• **Directions**: Needed from the data below: every line from the one with "Q \<longleftrightarrow> seq_le" up to and including the one with "mat) set \<Rightarrow>", repeated exactly and with nothing else.

• **Provided data**:
::::

(* Let $\mathcal N$ be a network and $T\ge1$. For every $k\ge1$, every element of $\mathcal P_k^*$ is a path of length $k$ in $\mathcal G_k$.
   Context: A network is a triple $\mathcal N=(\mathcal L,\mathcal I,D_{\mathcal L})$ where $\mathcal L$ is a finite nonempty set of links, each $\mathcal I(l)$ is a collection of nonempty subsets of $\mathcal L$, and $D_{\mathcal L}$ assigns an integer $D_{\mathcal L}(l,l')$ to every pair with $l'\in\phi$ for some $\phi\in\mathcal I(l)$. A schedule is a map $S:\mathcal L\times\mathbb Z\to\{0,1\}$; $S(l,t)$ has a collision if there is $\phi\in\mathcal I(l)$ with $S(l',t+D_{\mathcal L}(l,l'))=1$ for all $l'\in\phi$; $S$ is collision free if no $(l,t)$ with $S(l,t)=1$ has a collision. $S[T,k]$ is the $|\mathcal L|\times T$ binary matrix with $S[T,k](l,j)=S(l,kT+j)$. The scheduling graph $(\mathcal M_T,\mathcal E_T)$ has vertex set $\mathcal M_T$ = all $|\mathcal L|\times T$ binary matrices $A$ with $A=S[T,0]$ for some collision-free $S$, and edge set $\mathcal E_T$ = all pairs $(A,B)$ with $A=S[T,0]$, $B=S[T,1]$ for some collision-free $S$. A path of length $k$ is a sequence $(A_0,\dots,A_k)$ with $(A_i,A_{i+1})\in\mathcal E_T$ for all $i$. Sequences of matrices of equal length are compared entrywise: $(A_0,\dots,A_k)\succcurlyeq(B_0,\dots,B_k)$ iff $A_i\succcurlyeq B_i$ entrywise for all $i$; $\succ$ means $\succcurlyeq$ and $\neq$. $\mathcal P_k^*$ is the set of paths of length $k$ in $(\mathcal M_T,\mathcal E_T)$ not strictly dominated ($\prec$) by any other path of length $k$. $\mathcal E^*$ is the set of maximal elements of $\mathcal E_T$ under this order on pairs; $\mathcal M_L^*=\{B:(B,B')\in\mathcal E^*\text{ for some }B'\}$, $\mathcal M_R^*=\{B:(B',B)\in\mathcal E^*\text{ for some }B'\}$. $A\wedge B$ is the entrywise AND of binary matrices, and $\mathcal V=\{B\wedge B': B\in\mathcal M_R^*, B'\in\mathcal M_L^*\}$. Define recursively $\mathcal U'_0=\mathcal E^*$ and, for $k\ge2$ (with $\mathcal U'_{k-2}$ already defined): $\mathcal F_k=\{(A,B\wedge B',C):(A,B)\in\mathcal U'_{k-2},(B',C)\in\mathcal E^*\}$; $\mathcal F_k^*=\{(A,B,C)\in\mathcal F_k:\text{there is no }(A,B',C)\in\mathcal F_k\text{ with }B'\succ B\}$; $\mathcal U_{k-2}=\{(A,B):(A,B,C)\in\mathcal F_k^*\text{ for some }C\}$; $\mathcal U'_{k-1}=\{(B,C):(A,B,C)\in\mathcal F_k^*\text{ for some }A\}$. A sequence $(P_0,\dots,P_k)$ is a path of length $k$ in $\mathcal G_k$ if: for $k=1$, $(P_0,P_1)\in\mathcal E^*$; for $k\ge2$, $P_0\in\mathcal M_L^*$, $P_1,\dots,P_{k-1}\in\mathcal V$, $P_k\in\mathcal M_R^*$, $(P_i,P_{i+1})\in\mathcal U_i$ for $0\le i\le k-2$, and $(P_{k-1},P_k)\in\mathcal U'_{k-1}$. *)

theory Defs
  imports Main
begin

(* Links: the elements of a finite type 'l (L = UNIV, finite and automatically nonempty).
   Schedules: S :: 'l => int => bool  (True = 1, False = 0).
   A |L| x T binary matrix is represented as  'l => nat => bool  with all
   columns j >= T equal to False (columns are indexed 0..T-1). *)

type_synonym 'l mat = "'l \<Rightarrow> nat \<Rightarrow> bool"

definition network :: "('l::finite \<Rightarrow> 'l set set) \<Rightarrow> bool" where
  "network I \<longleftrightarrow> (\<forall>l. \<forall>\<phi>\<in>I l. \<phi> \<noteq> {})"

definition has_collision ::
  "('l \<Rightarrow> 'l set set) \<Rightarrow> ('l \<Rightarrow> 'l \<Rightarrow> int) \<Rightarrow> ('l \<Rightarrow> int \<Rightarrow> bool) \<Rightarrow> 'l \<Rightarrow> int \<Rightarrow> bool" where
  "has_collision I D S l t \<longleftrightarrow> (\<exists>\<phi>\<in>I l. \<forall>l'\<in>\<phi>. S l' (t + D l l'))"

definition collision_free ::
  "('l \<Rightarrow> 'l set set) \<Rightarrow> ('l \<Rightarrow> 'l \<Rightarrow> int) \<Rightarrow> ('l \<Rightarrow> int \<Rightarrow> bool) \<Rightarrow> bool" where
  "collision_free I D S \<longleftrightarrow> (\<forall>l t. S l t \<longrightarrow> \<not> has_collision I D S l t)"

definition block :: "('l \<Rightarrow> int \<Rightarrow> bool) \<Rightarrow> nat \<Rightarrow> int \<Rightarrow> 'l mat" where
  "block S T k = (\<lambda>l j. j < T \<and> S l (k * int T + int j))"

definition MT :: "('l \<Rightarrow> 'l set set) \<Rightarrow> ('l \<Rightarrow> 'l \<Rightarrow> int) \<Rightarrow> nat \<Rightarrow> 'l mat set" where
  "MT I D T = {A. \<exists>S. collision_free I D S \<and> A = block S T 0}"

definition ET :: "('l \<Rightarrow> 'l set set) \<Rightarrow> ('l \<Rightarrow> 'l \<Rightarrow> int) \<Rightarrow> nat \<Rightarrow> ('l mat \<times> 'l mat) set" where
  "ET I D T = {(A, B). \<exists>S. collision_free I D S \<and> A = block S T 0 \<and> B = block S T 1}"

definition mle :: "'l mat \<Rightarrow> 'l mat \<Rightarrow> bool" where
  "mle A B \<longleftrightarrow> (\<forall>l j. A l j \<longrightarrow> B l j)"

definition mless :: "'l mat \<Rightarrow> 'l mat \<Rightarrow> bool" where
  "mless A B \<longleftrightarrow> mle A B \<and> A \<noteq> B"

definition mand :: "'l mat \<Rightarrow> 'l mat \<Rightarrow> 'l mat" where
  "mand A B = (\<lambda>l j. A l j \<and> B l j)"

definition seq_le :: "'l mat list \<Rightarrow> 'l mat list \<Rightarrow> bool" where
  "seq_le P Q \<longleftrightarrow> length P = length Q \<and> (\<forall>i < length P. mle (P ! i) (Q ! i))"

definition seq_less :: "'l mat list \<Rightarrow> 'l mat list \<Rightarrow> bool" where
  "seq_less P Q \<longleftrightarrow> seq_le P Q \<and> P \<noteq> Q"

definition is_path :: "('l mat \<times> 'l mat) set \<Rightarrow> nat \<Rightarrow> 'l mat list \<Rightarrow> bool" where
  "is_path E k P \<longleftrightarrow> length P = Suc k \<and> (\<forall>i < k. (P ! i, P ! Suc i) \<in> E)"

definition Pstar :: "('l \<Rightarrow> 'l set set) \<Rightarrow> ('l \<Rightarrow> 'l \<Rightarrow> int) \<Rightarrow> nat \<Rightarrow> nat \<Rightarrow> 'l mat list set" where
  "Pstar I D T k = {P. is_path (ET I D T) k P \<and>
      \<not> (\<exists>Q. is_path (ET I D T) k Q \<and> seq_less P Q)}"

definition Estar :: "('l \<Rightarrow> 'l set set) \<Rightarrow> ('l \<Rightarrow> 'l \<Rightarrow> int) \<Rightarrow> nat \<Rightarrow> ('l mat \<times> 'l mat) set" where
  "Estar I D T = {(A, B). (A, B) \<in> ET I D T \<and>
      \<not> (\<exists>A' B'. (A', B') \<in> ET I D T \<and> seq_less [A, B] [A', B'])}"
lemma val_cong_avars:
  assumes "\<And>v. v \<in> avars G \<Longrightarrow> \<theta> v = \<sigma> v"
  shows "val_atom \<theta> G = val_atom \<sigma> G"
  unfolding val_atom_def
proof (intro arg_cong[where f="Atom (relname G)"] map_cong refl)
  fix t assume "t \<in> set (args G)"
  with assms show "val_trm \<theta> t = val_trm \<sigma> t"
    by (cases t) (auto simp: avars_def vars_of_terms_def)
qed

lemma relname_val_atom [simp]: "relname (val_atom \<theta> A) = relname A"
  by (simp add: val_atom_def)

lemma relname_subst_atom [simp]: "relname (subst_atom ys bs A) = relname A"
  by (simp add: subst_atom_def)

lemma val_atom_key_free:
  assumes "key F = {}"
  shows "key_equal (val_atom \<theta> F) (val_atom \<sigma> F)"
proof -
  have "map (val_trm \<tau>) (take (keylen (relname F)) (args F)) = take (keylen (relname F)) (args F)"
    for \<tau>
  proof (rule map_idI)
    fix t assume "t \<in> set (take (keylen (relname F)) (args F))"
    with assms show "val_trm \<tau> t = t"
      by (cases t) (auto simp: key_def vars_of_terms_def)
  qed
  then show ?thesis
    by (simp add: key_equal_def val_atom_def take_map)
qed

lemma purified_relname_instance:
  assumes "purified db q" and "self_join_free q" and "F \<in> q"
    and "A \<in> db" and "relname A = relname F"
  shows "\<exists>\<theta>. A = val_atom \<theta> F"
proof -
  obtain \<theta> G where "G \<in> q" and A: "A = val_atom \<theta> G"
    using assms(1,4) unfolding purified_def val_query_def by blast
  then have "G = F"
    using assms(2,3,5) unfolding self_join_free_def by simp
  then show ?thesis
    using A by blast
qed

lemma purified_key_free_block:
  assumes "purified db q" and "self_join_free q" and "F \<in> q" and "key F = {}"
    and "A \<in> db" and "B \<in> db" and "relname A = relname F" and "relname B = relname F"
  shows "key_equal A B"
  using purified_relname_instance[OF assms(1-3)] assms(5-8) val_atom_key_free[OF assms(4)]
  by metis

lemma val_subst_atom:
  "val_atom \<theta> (subst_atom ys bs G) =
   val_atom (\<lambda>v. case map_of (zip ys bs) v of Some c \<Rightarrow> c | None \<Rightarrow> \<theta> v) G"
  unfolding val_atom_def subst_atom_def
  by (auto intro!: map_cong simp: subst_trm_def split: trm.split option.split)

lemma val_subst_atom_map:
  "val_atom \<sigma> (subst_atom ys (map \<theta> ys) G) =
   val_atom (\<lambda>v. if v \<in> set ys then \<theta> v else \<sigma> v) G"
proof -
  have "(\<lambda>v. case map_of (zip ys (map \<theta> ys)) v of Some c \<Rightarrow> c | None \<Rightarrow> \<sigma> v) =
        (\<lambda>v. if v \<in> set ys then \<theta> v else \<sigma> v)"
    by (auto simp: map_of_zip_map)
  then show ?thesis
    by (simp add: val_subst_atom)
qed

lemma subst_atom_map_eq_val_atom:
  assumes "avars F \<subseteq> set ys"
  shows "subst_atom ys (map \<theta> ys) F = val_atom \<theta> F"
  using assms
  by (auto simp: val_atom_def subst_atom_def avars_def vars_of_terms_def subst_trm_def
      map_of_zip_map intro!: map_cong split: trm.split)

lemma val_subst_atom_absorb:
  assumes "set ys \<subseteq> avars F" and "val_atom \<theta> F = subst_atom ys bs F"
  shows "val_atom \<theta> (subst_atom ys bs G) = val_atom \<theta> G"
proof -
  have "\<theta> v = c" if "map_of (zip ys bs) v = Some c" for v c
  proof -
    have "Var v \<in> set (args F)"
      using that assms(1) by (auto simp: avars_def vars_of_terms_def dest: map_of_SomeD set_zip_leftD)
    then have "val_trm \<theta> (Var v) = subst_trm ys bs (Var v)"
      using assms(2) by (auto simp: val_atom_def subst_atom_def map_eq_conv)
    then show ?thesis
      using that by (simp add: subst_trm_def)
  qed
  then show ?thesis
    by (auto simp: val_subst_atom intro!: arg_cong[where f="\<lambda>\<tau>. val_atom \<tau> G"] split: option.split)
qed

lemma adom_val_atom:
  assumes "val_atom \<theta> A \<in> db" and "v \<in> avars A"
  shows "\<theta> v \<in> adom db"
proof -
  have "Const (\<theta> v) \<in> set (args (val_atom \<theta> A))"
    using assms(2) by (force simp: val_atom_def avars_def vars_of_terms_def)
  then show ?thesis
    using assms(1) by (auto simp: adom_def)
qed
(* For generic values of the parameters $u,v\in\mathbb{C}$ (outside a proper analytic subset of parameter space), each of the six matrices $h^{cl}_l,\ h^{cl}_r,\ h^{q}_l,\ h^{q}_r,\ M^{cl}(v),\ M^{q}(v)$ has exactly two distinct eigenvalues. For each of these matrices, the Jordan canonical form consists of exactly two Jordan blocks, each of size $N$. The two eigenvalues are the two distinct diagonal values of the matrix: - $0$ and $1$ for the four matrices $h$; - $-\mathrm{i}\coth(u-v)$ and $\mathrm{i}\tanh(v)$ for $M^{cl}(v)$; - $-\mathrm{i}\tanh(u-v)$ and $\mathrm{i}\coth(v)$ for $M^{q}(v)$.
   Context: All matrices are $2N\times 2N$ complex matrices, indexed by $1,\dots,2N$. Entries not listed are zero, and only index pairs lying in $\{1,\dots,2N\}^2$ are meant. Here $\mathrm{i}$ is the imaginary unit, $s=1/\cosh(u)$, $\lambda_{cl}(v)=\tanh(v)\coth(u-v)$ and $\lambda_q(v)=\tanh(u-v)\coth(v)$. In all formulas $1\le i\le N$, $1\le j\le 2N$ and $k\ge 1$. The matrix $M^{cl}(v)$ is lower triangular, with entries - $M^{cl}_{2i-1,2i-1}=-\mathrm{i}\coth(u-v)$ and $M^{cl}_{2i,2i}=\mathrm{i}\tanh(v)$; - $M^{cl}_{2i-1+2k,\,2i-1}=-\mathrm{i}\,\lambda_{cl}^{k-1}/(\coth(v)\sinh^2(u-v))$; - $M^{cl}_{2i+2k,\,2i}=-\mathrm{i}\,\lambda_{cl}^{k-1}/(\tanh(u-v)\cosh^2(v))$; - $M^{cl}_{j+2k-1,\,j}=-\mathrm{i}\,\lambda_{cl}^{k-1}/(\cosh(v)\sinh(u-v))$. The matrix $M^{q}(v)$ is upper triangular, with entries - $M^{q}_{2i-1,2i-1}=-\mathrm{i}\tanh(u-v)$ and $M^{q}_{2i,2i}=\mathrm{i}\coth(v)$; - $M^{q}_{2i-1,\,2i-1+2k}=\mathrm{i}\,\lambda_q^{k-1}/(\tanh(v)\cosh^2(u-v))$; - $M^{q}_{2i,\,2i+2k}=\mathrm{i}\,\lambda_q^{k-1}/(\coth(u-v)\sinh^2(v))$; - $M^{q}_{j,\,j+2k-1}=\mathrm{i}\,\lambda_q^{k-1}/(\sinh(v)\cosh(u-v))$. The local matrices have entries (with $1\le j\le 2N-1$ wherever $j$ appears): - $h^{cl}_l$: $(h^{cl}_l)_{2i,2i}=1$ for $1\le i\le N$; $(h^{cl}_l)_{j+1,j}=-s$; $(h^{cl}_l)_{2i+1,2i-1}=1$ for $1\le i\le N-1$. - $h^{q}_l$: $(h^{q}_l)_{2i,2i}=1$; $(h^{q}_l)_{j,j+1}=s$; $(h^{q}_l)_{2i-1,2i+1}=1$ for $1\le i\le N-1$. - $h^{cl}_r$: $(h^{cl}_r)_{2i-1,2i-1}=1$; $(h^{cl}_r)_{j+1,j}=s$; $(h^{cl}_r)_{2i+2,2i}=1$ for $1\le i\le N-1$. - $h^{q}_r$: $(h^{q}_r)_{2i-1,2i-1}=1$; $(h^{q}_r)_{j,j+1}=-s$; $(h^{q}_r)_{2i,2i+2}=1$ for $1\le i\le N-1$. *)

theory Defs
  imports "HOL-Analysis.Complex_Analysis_Basics" "Jordan_Normal_Form.Jordan_Normal_Form"
begin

::::

• **Your response**:
  "seq_less P Q \<longleftrightarrow> seq_le P Q \<and> P \<noteq> Q"

definition is_path :: "('l mat \<times> 'l mat) set \<Rightarrow> nat \<Rightarrow> 'l mat list \<Rightarrow> bool" where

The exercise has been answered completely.